Task
Tally every line in the entries below that holds "unfolding", then give only the total.

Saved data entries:
********************
lemma integer_cone_add:
  assumes "integer_cone C" "x \<in> C" "y \<in> C"
  shows "x + y \<in> C"
proof -
  obtain G where C: "C = {x :: int ^ 'a. \<exists>l :: real ^ 'a \<Rightarrow> real.
               (\<forall>g\<in>G. l g \<in> \<rat> \<and> 0 \<le> l g) \<and> (\<chi> i. real_of_int (x $ i)) = (\<Sum>g\<in>G. l g *\<^sub>R g)}"
    using assms(1) unfolding integer_cone_def by blast
  obtain l1 where l1: "\<forall>g\<in>G. l1 g \<in> \<rat> \<and> 0 \<le> l1 g"
    and x: "(\<chi> i. real_of_int (x $ i)) = (\<Sum>g\<in>G. l1 g *\<^sub>R g)"
    using assms(2) C by blast
  obtain l2 where l2: "\<forall>g\<in>G. l2 g \<in> \<rat> \<and> 0 \<le> l2 g"
    and y: "(\<chi> i. real_of_int (y $ i)) = (\<Sum>g\<in>G. l2 g *\<^sub>R g)"
    using assms(3) C by blast
  have "(\<chi> i. real_of_int ((x + y) $ i)) = (\<chi> i. real_of_int (x $ i)) + (\<chi> i. real_of_int (y $ i))"
    by (simp add: vec_eq_iff)
  also have "\<dots> = (\<Sum>g\<in>G. (l1 g + l2 g) *\<^sub>R g)"
    unfolding x y by (simp add: scaleR_add_left sum.distrib)
  finally show ?thesis
    unfolding C using l1 l2 by (intro CollectI exI[of _ "\<lambda>g. l1 g + l2 g"]) auto
qed

lemma sum_coordinates_pos:
  assumes "v \<in> natvecs" "v \<noteq> 0"
  shows "0 < (\<Sum>i\<in>UNIV. v $ i)"
proof -
  obtain i where i: "v $ i \<noteq> 0" using assms(2) by (auto simp: vec_eq_iff)
  have "0 \<le> v $ i" "v $ i \<le> (\<Sum>i\<in>UNIV. v $ i)"
    using assms(1) by (auto simp: natvecs_def intro!: member_le_sum)
  with i show ?thesis by linarith
qed

lemma monomial_order_le_add:
  assumes "monomial_order le" "a \<in> natvecs" "b \<in> natvecs"
  shows "le a (a + b)"
proof -
  have "(0::int ^ 'a) \<in> natvecs" unfolding natvecs_def by simp
  then have "le (0 + a) (b + a)"
    using assms unfolding monomial_order_def by blast
  then show ?thesis by (simp add: add.commute)
qed

lemma frobenius_unique:
  assumes "integer_cone C" "monomial_order le" "frobenius le C S f" "frobenius le C S f'"
  shows "f = f'"
proof -
  have "f \<in> natvecs" "f' \<in> natvecs" "le f f'" "le f' f"
    using assms integer_cone_subset_natvecs unfolding frobenius_def gaps_def by auto
  then show ?thesis using assms(2) unfolding monomial_order_def by blast
qed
********************
Solution
7